Мальчик слез с высокого для него кресла и сел на диван, где лежала Элиза. Ноги она положила на спинку и лежала вверх тормашками, глядя на Филина из-под уже чуть более длинной, чем раньше, чёлки. Бонгани повторил за ней.
—Ну вот, опять на самом интересном месте.
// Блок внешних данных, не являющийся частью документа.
lemma add_inverse_add:
  assumes a: "a \<in> S" "x \<in> S" "a \<oplus> x \<oplus> a = a" and b: "b \<in> S" "y \<in> S" "b \<oplus> y \<oplus> b = b"
  shows "(a \<oplus> b) \<oplus> (y \<oplus> x) \<oplus> (a \<oplus> b) = a \<oplus> b"
proof -
  define w where "w = x \<oplus> a \<oplus> (b \<oplus> y)"
  have ww: "w \<oplus> w = w"
    unfolding w_def using a b add_idem_add add_inverse_add_idem[OF a] add_inverse_add_idem[OF b] by simp
  have ra: "a \<oplus> (x \<oplus> (a \<oplus> z)) = a \<oplus> z" if "z \<in> S" for z
    using a that by (simp add: a_assoc[symmetric])
  have rb: "b \<oplus> (y \<oplus> b) = b" using b by (simp add: a_assoc)
  have "(a \<oplus> b) \<oplus> (y \<oplus> x) \<oplus> (a \<oplus> b) = a \<oplus> (w \<oplus> w) \<oplus> b"
    unfolding w_def using a(1,2) b(1,2) ra rb by (simp add: a_assoc)
  also have "\<dots> = a \<oplus> b" unfolding ww unfolding w_def using a(1,2) b(1,2) ra rb by (simp add: a_assoc)
  finally show ?thesis .
qed

lemma add_regular_add_closed:
  assumes "a \<in> S" "add_regular S p a" "b \<in> S" "add_regular S p b"
  shows "add_regular S p (a \<oplus> b)"
  using assms add_inverse_add unfolding add_regular_iff by (metis a_closed)

lemma Hstar_square:
  assumes b: "b \<in> S" shows "Hstar S p (b \<otimes> b) b"
proof -
  have aqr: "add_quasi_regular S p" using qcr quasi_completely_regular_add_quasi_regular by blast
  define u where "u = nsum p (mindex S p b) b"
  define v where "v = nsum p (mindex S p (b \<otimes> b)) (b \<otimes> b)"
  have u: "u \<in> S" "add_regular S p u" using mindex_add_regular[OF aqr b] b u_def by auto
  have v: "v \<in> S" "add_regular S p v" using mindex_add_regular[OF aqr, of "b \<otimes> b"] b v_def by auto
  have "idem_of u = idem_of b" "idem_of v = idem_of b"
    using b unfolding u_def v_def by (simp_all add: idem_of_nsum idem_of_mult_hom add_idem_mult_idem)
  then have "greenL S p v u \<and> greenR S p v u"
    using greenL_greenR_common_unit[OF v(1) u(1)] add_regular_iff_idem_of u v
      idem_of_factors[OF u(1)] idem_of_factors[OF v(1)] by metis
  then show ?thesis unfolding Hstar_def Lstar_def Rstar_def u_def v_def by simp
qed

section \<open>The b-lattice decomposition\<close>

lemma add_regular_add_bandD:
  assumes b: "b \<in> S" "add_regular S p b" and x: "x \<in> S"
    and "add_band.bandD (idem_of b) (idem_of x)"
  shows "add_regular S p (b \<oplus> x)" "add_regular S p (x \<oplus> b)"
proof -
  have D: "idem_of b \<oplus> idem_of x \<oplus> idem_of b = idem_of b"
    using assms(4) unfolding add_band.bandD_def by simp
  define g where "g = idem_of b"
  have g: "g \<in> S" "g \<oplus> g = g" using b g_def by auto
  have bg: "b \<oplus> g = b" "g \<oplus> b = b" using b add_regular_iff_idem_of g_def by auto
  have "b \<oplus> x = b \<oplus> (g \<oplus> x)" "x \<oplus> b = (x \<oplus> g) \<oplus> b"
    using bg b(1) g(1) x by (simp_all add: a_assoc[symmetric] a_assoc)
  then show "add_regular S p (b \<oplus> x)" "add_regular S p (x \<oplus> b)"
    using add_regular_add_closed add_idem_add_regular[OF g x] D b g x g_def by simp_all
qed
Зачем вы так?— надувшись, спросила Элизабет, понимая, что ответа не дождётся.
—Зачем... вы так.— повторил за ней Бонгани безо всякой интонации. Мальчик редко разговаривал да и то, если только его спрашивал о чём-то его, как выражался Сэм, «приёмный папаша». Заметив изменения в поведении Бонги, Филин улыбнулся.
—Всё-таки хочешь послушать его историю?— спросил он, закрыв глаза.
—Конечно! Уговор есть уговор!— оживилась Элизабет.
—Ладно-ладно, успокойся. Бонги, приготовь нам кофе, пожалуйста.— обратился Филин к мальчику и встал с кресла.— Пойдём на крыльцо.
Мальчик помчался на кухню, а они вышли на небольшую деревянную террасу за домом и сели в рядом стоящие кресла. Элиза уставилась на педантично постриженный газон, маленькие берёзы, образовывающие полукруг, одну часть которого занимал искусственный пруд, а другую — клумбы с горным лавром и астрами и красный японский клён, стоявший посередине.
—Вы не говорили, что у вас такой задний двор.— Элиза действительно ещё ни разу не заходила за дом и даже не заглядывала в окна.
—Какой «такой»?— спросил Филин, снова улыбнувшись.
—Красивый.— заворожённо глядя на всю эту картину, ответила Элиза.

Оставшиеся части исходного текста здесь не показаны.